After I hung up the phone, her sats got as low as in the 50s!  I can't help but wonder about the accuracy of the monitor - but it wasn't acting funny, and when I put her oxygen back on it consistently climbed back up from there.  I just told myself that when I felt like I could not provide her the support she needed, I would take her in.

My reluctance with taking her to the ER was that I really did NOT want her to go through the trauma of having to go back into a hospital - unless absolutely necessary.  I knew they would put those monitors on her chest and that she would be miserable and scared.  And I did not want that.  So, I just carefully monitored her the rest of the night and by the morning, she was a lot better.

When we saw him today he said that I scared him a bit.  He also said that when it comes to kids with special needs, he goes with the mom and how she feels.  I love docs that think like that.  He trusted my comfort level, which I think is wonderful.
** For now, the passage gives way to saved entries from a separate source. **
theorem corollary3p7:
  fixes R1 :: "'a ring" and R2 :: "'b ring" and R3 :: "'c ring"
    and I1 :: "'a set" and I2 :: "'b set" and I3 :: "'c set"
  assumes "local_ring R1" "local_ring R2" "local_ring R3"
    and "finite (carrier R1)" "finite (carrier R2)" "finite (carrier R3)"
    and "ideal I1 R1" "I1 \<noteq> carrier R1"
    and "ideal I2 R2" "I2 \<noteq> carrier R2"
    and "ideal I3 R3" "I3 \<noteq> carrier R3"
  shows "planar_graph
           (gamma2_verts (RDirProd R1 (RDirProd R2 R3)) (I1 \<times> I2 \<times> I3))
           (gamma2_adj (RDirProd R1 (RDirProd R2 R3)) (I1 \<times> I2 \<times> I3))
         \<longleftrightarrow> RDirProd R1 (RDirProd R2 R3) \<simeq> RDirProd (ZFact 2) (RDirProd (ZFact 2) (ZFact 2))"
proof -
  have cring: "cring R1" "cring R2" "cring R3" using assms(1-3) by (simp_all add: local_ring_def)
  interpret ideal_triple R1 R2 R3 I1 I2 I3
    unfolding ideal_triple_def ideal_triple_axioms_def using cring assms(7-12) by blast
  have Z2: "ring (ZFact 2)" "carrier (ZFact 2) = {\<zero>\<^bsub>ZFact 2\<^esub>, \<one>\<^bsub>ZFact 2\<^esub>}" "\<zero>\<^bsub>ZFact 2\<^esub> \<noteq> \<one>\<^bsub>ZFact 2\<^esub>"
    using ZFact_is_cring cring.axioms(1) carrier_ZFact_2 ZFact_2_zero_ne_one by blast+
  show ?thesis
  proof
    assume planar: "planar_graph (gamma2_verts R I) (gamma2_adj R I)"
    have "R1 \<simeq> ZFact 2" "R2 \<simeq> ZFact 2" "R3 \<simeq> ZFact 2"
      using R1.local_ring_Units_trivial[OF assms(1,4) Units_trivial_if_planar(1)[OF planar]]
        R2.local_ring_Units_trivial[OF assms(2,5) Units_trivial_if_planar(2)[OF planar]]
        R3.local_ring_Units_trivial[OF assms(3,6) Units_trivial_if_planar(3)[OF planar]]
        two_element_rings_iso[OF R1.ring_axioms _ zero_ne_one(1) Z2]
        two_element_rings_iso[OF R2.ring_axioms _ zero_ne_one(2) Z2]
        two_element_rings_iso[OF R3.ring_axioms _ zero_ne_one(3) Z2]
      by simp_all
    then show "R \<simeq> RDirProd (ZFact 2) (RDirProd (ZFact 2) (ZFact 2))"
      by (intro RDirProd_is_ring_iso)
  next
    assume "R \<simeq> RDirProd (ZFact 2) (RDirProd (ZFact 2) (ZFact 2))"
    then have "card (carrier R) = card (carrier (RDirProd (ZFact 2) (RDirProd (ZFact 2) (ZFact 2))))"
      by (rule ring_iso_same_card)
    also have "\<dots> = 8" using Z2(2,3) by (simp add: RDirProd_carrier card_cartesian_product)
    finally show "planar_graph (gamma2_verts R I) (gamma2_adj R I)"
      by (intro planar_if_two_element_factors two_element_factors_if_card_8 assms(4-6))
  qed
qed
I very rarely call a doc with that feeling of panic anymore.  I used to feel that a lot when she was between 6 and 11 months old.  That was a hard, scary time (before her lobectomy, which really helped her a lot) and there were so many moments I thought that no one could help her or us - in our care of her.    I was scared a lot that summer.  And I really enjoy the many months that go by without feeling that feeling.

On Saturday, since Harlie seemed to be feeling better, we took the kids to Brown's Island for a Big Brothers/Big Sisters event.  They had a bounce thing there and the boys loved it.  Harlie actually wanted to get in so Tom went with her.  She ended up crawling into a tunnel and just sat there the rest of the time.  It is very clear that she listens to her body and doesn't push herself to play when she's not feeling up to it.  And even though I KNOW that she is doing great - all things considered - and I am so proud of her - I couldn't help but be a little sad to see other kids be able to jump right in and play.
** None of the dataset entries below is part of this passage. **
(* Let $h,\Gamma,\rho_0$ be $C^2$ functions on the circle $\mathbb{T}^1$ with $h>0$, $\Gamma>0$ everywhere and $\rho_0 = c/h$ for a constant $c>0$. For $\epsilon>0$ let $r_\epsilon$ be a $C^2$ solution of $$\frac{\epsilon}{2}(\Gamma r_\epsilon)'' - (h r_\epsilon)' = -\frac{\epsilon}{2}(\Gamma\rho_0)'' \quad\text{on } \mathbb{T}^1,\qquad \int_{\mathbb{T}^1} r_\epsilon\,dx = 0.$$ Then there exist $\epsilon_0>0$ and a constant $C$ (depending only on $h,\Gamma,\rho_0$) such that $\|r_\epsilon'\|_{L^2(\mathbb{T}^1)}\le C\epsilon$ for all $0<\epsilon<\epsilon_0$. Explicitly, with $\alpha=\min h$ and, if $\Gamma$ is nonconstant, $\beta = \max\big(|h'| + \frac{\alpha}{3\max\Gamma'}|\Gamma''|\big)$ (and $\beta=\max|h'|$ if $\Gamma$ is constant), one has for $0<\epsilon<2\alpha/(3\max\Gamma')$ (all $\epsilon>0$ if $\Gamma$ is constant) $$\|r_\epsilon'\|_{L^2}\le \epsilon\Big(\frac{2\beta}{\alpha^2}\|(\Gamma\rho_0)'\|_{L^2} + \frac{1}{\alpha}\|(\Gamma\rho_0)''\|_{L^2}\Big).$$
   Context: Here $r_\epsilon=\rho_\epsilon-\rho_0$, where $\rho_0=c/h$ is the invariant density of $\dot x=h(x)$ on the circle and $\rho_\epsilon$ the stationary density of $dx = h\,dt+\sqrt\epsilon\,\gamma(x)\circ dW$ with $\Gamma=\gamma^2$. Primes denote derivatives on $\mathbb{T}^1$. *)

theory Defs
  imports "HOL-Analysis.Analysis"
begin

text \<open>The circle T^1 is modelled as R/Z: functions on T^1 are 1-periodic functions
  real \<Rightarrow> real, and integrals over T^1 are integrals over [0,1].\<close>

definition periodic1 :: "(real \<Rightarrow> real) \<Rightarrow> bool" where
  "periodic1 f \<longleftrightarrow> (\<forall>x. f (x + 1) = f x)"

definition C2_circle :: "(real \<Rightarrow> real) \<Rightarrow> bool" where
  "C2_circle f \<longleftrightarrow> periodic1 f \<and> (\<forall>x. f differentiable (at x))
     \<and> (\<forall>x. deriv f differentiable (at x)) \<and> continuous_on UNIV (deriv (deriv f))"

definition L2norm :: "(real \<Rightarrow> real) \<Rightarrow> real" where
  "L2norm f = sqrt (integral {0..1} (\<lambda>x. (f x)\<^sup>2))"

end

theory Submission
  imports Defs
begin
Well that's it for tonight.  Thanks for reading!

Monday, August 2, 2010

New found skill!

I can't write as much as I want to right now, but I just had to post this.  The other day Brandy (Harlie's nurse) told me that Harlie did a 24-piece puzzle - all by herself.  I hate to admit that I really didn't fully believe her.  I mean, with NO assistance?  C'mon!  
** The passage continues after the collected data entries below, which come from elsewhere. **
lemma tmap_tens:
  assumes "klinear f" "klinear g"
  shows "tmap f g (tens v w) = tens (f v) (g w)"
proof -
  have on_bas: "tmap f g (tens (bas i) w) = tens (f (bas i)) (g w)" for i
    by (rule klinear_eqI[where f = "\<lambda>w. tmap f g (tens (bas i) w)"])
       (use assms(2) in \<open>simp_all add: klinear_def linear_simps tens_bas tmap_bas\<close>)
  show ?thesis
    by (rule klinear_eqI[where f = "\<lambda>v. tmap f g (tens v w)"])
       (use assms(1) on_bas in \<open>simp_all add: klinear_def linear_simps\<close>)
qed

lemma tmap_comp:
  assumes "klinear f" "klinear g"
  shows "tmap f g (tmap f' g' x) = tmap (f \<circ> f') (g \<circ> g') x"
proof (rule klinear_eqI[where f = "\<lambda>x. tmap f g (tmap f' g' x)"])
  show "klinear (\<lambda>x. tmap f g (tmap f' g' x))"
    by (simp add: klinear_def linear_simps)
  fix p
  show "tmap f g (tmap f' g' (bas p)) = tmap (f \<circ> f') (g \<circ> g') (bas p)"
    by (cases p) (simp add: tmap_bas tmap_tens assms)
qed simp

lemma tmap_id_id [simp]: "tmap id id = id"
proof
  fix x :: "'a \<times> 'b \<Rightarrow>\<^sub>0 'k::field"
  show "tmap id id x = id x"
  proof (rule klinear_eqI[where f = "tmap id id" and g = id])
    fix p :: "'a \<times> 'b"
    show "tmap id id (bas p) = id (bas p)"
      by (cases p) (simp add: tmap_bas tens_bas)
  qed simp_all
qed

lemma tmap_add_left: "tmap (\<lambda>v. f v + f' v) g x = tmap f g x + tmap f' g x"
proof -
  have "(\<lambda>(i, j). tens (f (bas i) + f' (bas i)) (g (bas j)))
      = (\<lambda>p. (\<lambda>(i, j). tens (f (bas i)) (g (bas j))) p + (\<lambda>(i, j). tens (f' (bas i)) (g (bas j))) p)"
    by (auto simp: tens_add_left)
  then show ?thesis unfolding tmap_def by (simp add: lin_fun_add)
qed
So, a day or so went by and I put that same 24-piece puzzle in front of her and left the room for a minute.  When I came back, she had already put together a lot of the pieces.  So, I sat there and watched her.  And she did it.  All. By. Herself.  

So, of course, I had to pull out another one to show her Nana, a professional puzzle-put-togetherer.  I knew she would appreciate this new found skill!

Even while being suctioned, she remained focused on the task at hand!

Now, I get that this might not be totally amazing to the average person.  But, for some reason, I am so impressed!!!  

So, tonight, just for kicks, I put a 60-piece puzzle on the table.  And with MINIMAL assistance - meaning that we did NOT put one piece in - she completed it!!! 

At about this point, the boys headed outside to play and shockingly enough, she wanted to go, too.  So, she took a little break from the puzzle.  She wanted to get in the kiddie pool, so she made me take off her shirt.  But, I don't know if she's ready for the kiddie pool yet, so I didn't let her in.  

She came right back in and finished the puzzle.  

I am just so, so impressed.  We watched her put this one together, which did take a little time.  But, she never got frustrated and she just kept on, one piece at a time.  

She is still not herself.  And has not forgiven me yet.  In fact, when I sign "I love you" at night, she refuses to look at me.  Can you feel the love?  Because I can't.  

Each day I wonder if today will be the day.  Maybe tomorrow.